> **Exercise**: Please copy, exactly as they appear below, the lines from the one containing "A < \<epsilon>))" through the one containing "n 1) \<le> 8".

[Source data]
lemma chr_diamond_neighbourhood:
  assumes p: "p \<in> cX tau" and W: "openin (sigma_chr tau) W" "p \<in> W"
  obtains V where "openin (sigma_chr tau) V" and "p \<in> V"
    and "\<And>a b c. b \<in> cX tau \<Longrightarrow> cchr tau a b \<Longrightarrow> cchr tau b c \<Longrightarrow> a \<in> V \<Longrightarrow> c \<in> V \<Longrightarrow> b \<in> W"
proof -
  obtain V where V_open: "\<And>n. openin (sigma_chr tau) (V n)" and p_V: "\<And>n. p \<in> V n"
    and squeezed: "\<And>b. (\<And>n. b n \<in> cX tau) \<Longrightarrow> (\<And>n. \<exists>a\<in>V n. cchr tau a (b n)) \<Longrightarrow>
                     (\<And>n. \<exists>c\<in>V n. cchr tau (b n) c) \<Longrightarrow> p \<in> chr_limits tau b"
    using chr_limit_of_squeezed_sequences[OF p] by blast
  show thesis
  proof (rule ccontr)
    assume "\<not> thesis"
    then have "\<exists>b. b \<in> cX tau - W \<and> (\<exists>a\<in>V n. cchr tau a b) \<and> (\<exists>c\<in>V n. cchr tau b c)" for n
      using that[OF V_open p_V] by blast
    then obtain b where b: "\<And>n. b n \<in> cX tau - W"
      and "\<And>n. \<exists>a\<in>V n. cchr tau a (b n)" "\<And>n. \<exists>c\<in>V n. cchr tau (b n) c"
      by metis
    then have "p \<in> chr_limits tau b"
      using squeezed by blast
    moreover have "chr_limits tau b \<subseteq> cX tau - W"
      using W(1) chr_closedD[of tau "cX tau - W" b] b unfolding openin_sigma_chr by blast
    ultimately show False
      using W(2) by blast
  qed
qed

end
==
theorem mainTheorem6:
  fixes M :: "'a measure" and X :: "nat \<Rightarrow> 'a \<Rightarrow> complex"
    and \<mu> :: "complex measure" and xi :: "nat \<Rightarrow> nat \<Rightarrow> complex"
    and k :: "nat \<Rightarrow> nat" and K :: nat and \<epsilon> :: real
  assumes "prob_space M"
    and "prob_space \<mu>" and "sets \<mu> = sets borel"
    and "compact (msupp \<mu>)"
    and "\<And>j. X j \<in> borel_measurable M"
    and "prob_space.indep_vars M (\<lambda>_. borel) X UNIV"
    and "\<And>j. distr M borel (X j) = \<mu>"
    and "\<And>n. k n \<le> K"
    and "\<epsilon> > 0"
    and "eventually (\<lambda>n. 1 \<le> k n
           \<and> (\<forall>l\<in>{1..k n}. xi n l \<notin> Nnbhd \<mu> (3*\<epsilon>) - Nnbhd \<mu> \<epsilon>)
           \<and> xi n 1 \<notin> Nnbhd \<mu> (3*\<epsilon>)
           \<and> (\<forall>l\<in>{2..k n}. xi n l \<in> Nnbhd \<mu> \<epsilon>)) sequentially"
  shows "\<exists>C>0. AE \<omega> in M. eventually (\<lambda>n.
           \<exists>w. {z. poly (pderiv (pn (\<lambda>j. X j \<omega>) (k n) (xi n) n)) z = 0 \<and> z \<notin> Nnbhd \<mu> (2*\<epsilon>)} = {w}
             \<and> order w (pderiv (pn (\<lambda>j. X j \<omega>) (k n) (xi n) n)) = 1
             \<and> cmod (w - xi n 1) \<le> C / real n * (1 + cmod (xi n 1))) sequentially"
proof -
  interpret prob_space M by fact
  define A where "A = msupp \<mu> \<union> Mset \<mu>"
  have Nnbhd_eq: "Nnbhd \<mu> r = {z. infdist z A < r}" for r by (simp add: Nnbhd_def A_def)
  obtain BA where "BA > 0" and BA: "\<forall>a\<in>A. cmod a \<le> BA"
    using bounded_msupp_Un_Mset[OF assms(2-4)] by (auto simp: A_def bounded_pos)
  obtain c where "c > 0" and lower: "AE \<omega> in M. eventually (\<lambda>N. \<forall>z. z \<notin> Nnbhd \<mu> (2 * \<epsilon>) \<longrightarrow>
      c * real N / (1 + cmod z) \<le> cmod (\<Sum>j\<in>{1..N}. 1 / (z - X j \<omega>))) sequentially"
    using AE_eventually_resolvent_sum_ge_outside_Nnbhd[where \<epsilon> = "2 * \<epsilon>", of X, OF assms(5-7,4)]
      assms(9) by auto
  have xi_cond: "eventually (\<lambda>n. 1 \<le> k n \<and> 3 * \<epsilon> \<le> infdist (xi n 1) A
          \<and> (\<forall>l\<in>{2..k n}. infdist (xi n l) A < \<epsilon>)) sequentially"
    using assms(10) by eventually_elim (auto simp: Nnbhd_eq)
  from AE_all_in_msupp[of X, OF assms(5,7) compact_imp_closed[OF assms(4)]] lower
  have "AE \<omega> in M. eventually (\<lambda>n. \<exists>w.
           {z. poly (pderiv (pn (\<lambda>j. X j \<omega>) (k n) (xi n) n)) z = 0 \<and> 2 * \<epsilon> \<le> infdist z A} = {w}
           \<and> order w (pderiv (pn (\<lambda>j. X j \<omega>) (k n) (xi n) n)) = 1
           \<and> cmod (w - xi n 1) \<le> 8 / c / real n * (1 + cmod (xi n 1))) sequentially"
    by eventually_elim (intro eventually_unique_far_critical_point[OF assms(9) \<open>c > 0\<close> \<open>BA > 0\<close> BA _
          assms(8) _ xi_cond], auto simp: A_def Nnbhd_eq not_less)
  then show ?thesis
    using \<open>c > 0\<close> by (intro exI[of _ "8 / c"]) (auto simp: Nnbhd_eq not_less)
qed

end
==
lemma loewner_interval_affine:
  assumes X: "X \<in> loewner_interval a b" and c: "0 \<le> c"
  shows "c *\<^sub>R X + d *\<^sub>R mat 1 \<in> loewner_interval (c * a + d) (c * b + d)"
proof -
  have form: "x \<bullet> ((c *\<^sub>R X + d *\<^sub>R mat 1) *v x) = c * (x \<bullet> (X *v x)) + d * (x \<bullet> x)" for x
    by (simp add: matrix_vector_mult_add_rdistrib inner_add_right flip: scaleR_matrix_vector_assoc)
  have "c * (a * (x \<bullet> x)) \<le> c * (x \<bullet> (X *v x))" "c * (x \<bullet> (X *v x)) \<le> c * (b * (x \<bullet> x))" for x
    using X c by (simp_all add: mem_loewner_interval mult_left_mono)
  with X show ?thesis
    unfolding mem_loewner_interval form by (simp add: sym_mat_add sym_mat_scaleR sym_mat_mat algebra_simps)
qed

> **Result**:
          \<and> (\<forall>l\<in>{2..k n}. infdist (xi n l) A < \<epsilon>)) sequentially"
    using assms(10) by eventually_elim (auto simp: Nnbhd_eq)
  from AE_all_in_msupp[of X, OF assms(5,7) compact_imp_closed[OF assms(4)]] lower
  have "AE \<omega> in M. eventually (\<lambda>n. \<exists>w.
           {z. poly (pderiv (pn (\<lambda>j. X j \<omega>) (k n) (xi n) n)) z = 0 \<and> 2 * \<epsilon> \<le> infdist z A} = {w}
           \<and> order w (pderiv (pn (\<lambda>j. X j \<omega>) (k n) (xi n) n)) = 1
           \<and> cmod (w - xi n 1) \<le> 8 / c / real n * (1 + cmod (xi n 1))) sequentially"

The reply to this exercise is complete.